What is expected:
Everything from the line containing "(1 / (sqrt (B" through the end of the entries should be transcribed exactly. Leave out all other lines.

╭─ Records for this task

lemma lhs_integrand_tan_rescale:
  fixes l t q :: real
  assumes l: "0 < l" "l < 1" and q: "cos q > 0"
  defines "c \<equiv> sqrt (1 - l * (cos t)\<^sup>2)"
  shows "(c / ((cos q)\<^sup>2 + c\<^sup>2 * (sin q)\<^sup>2)) *\<^sub>R lhs_integrand R l t (tan_rescale c q)
           = intermediate_integrand R l t q"
proof -
  define A where "A = 1 - l * (cos t)\<^sup>2 * (sin q)\<^sup>2"
  define B where "B = 1 - l * (cos q)\<^sup>2 - l * (cos t)\<^sup>2 * (sin q)\<^sup>2"
  have cos_sin: "(cos t)\<^sup>2 \<le> 1" "(sin q)\<^sup>2 \<le> 1" "(cos q)\<^sup>2 = 1 - (sin q)\<^sup>2"
    by (simp_all add: abs_square_le_1 cos_squared_eq)
  have "(cos t)\<^sup>2 * (sin q)\<^sup>2 \<le> (sin q)\<^sup>2"
    using cos_sin by (simp add: mult_left_le_one_le)
  then have "(cos t)\<^sup>2 * (sin q)\<^sup>2 \<le> 1" "(cos q)\<^sup>2 + (cos t)\<^sup>2 * (sin q)\<^sup>2 \<le> 1"
    using cos_sin by linarith+
  then have "A > 0" "B > 0" "1 - l * (cos t)\<^sup>2 > 0"
    using one_minus_mult_pos[OF l, of "(cos t)\<^sup>2 * (sin q)\<^sup>2"]
      one_minus_mult_pos[OF l, of "(cos q)\<^sup>2 + (cos t)\<^sup>2 * (sin q)\<^sup>2"]
      one_minus_mult_pos[OF l, of "(cos t)\<^sup>2"] cos_sin(1,2)
    by (simp_all add: A_def B_def algebra_simps)
  then have c: "c > 0" "c\<^sup>2 = 1 - l * (cos t)\<^sup>2"
    by (simp_all add: c_def)
  have den: "(cos q)\<^sup>2 + c\<^sup>2 * (sin q)\<^sup>2 = A"
    by (simp add: c A_def cos_sin algebra_simps)
  have cos: "1 - l * (cos (tan_rescale c q))\<^sup>2 = B / A"
    using \<open>A > 0\<close> q by (simp add: cos_tan_rescale den power_divide field_simps A_def B_def)
  have "c / A * (1 / (sqrt (B / A) * c)) = 1 / (sqrt A * sqrt B)"
    using \<open>A > 0\<close> \<open>B > 0\<close> c by (simp add: real_sqrt_divide field_simps)
  then show ?thesis
    by (simp add: lhs_integrand_def intermediate_integrand_def tan_tan_rescale den cos A_def B_def flip: c_def)
qed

╰─

Your solution:
  have "c / A * (1 / (sqrt (B / A) * c)) = 1 / (sqrt A * sqrt B)"
    using \<open>A > 0\<close> \<open>B > 0\<close> c by (simp add: real_sqrt_divide field_simps)
  then show ?thesis
    by (simp add: lhs_integrand_def intermediate_integrand_def tan_tan_rescale den cos A_def B_def flip: c_def)
qed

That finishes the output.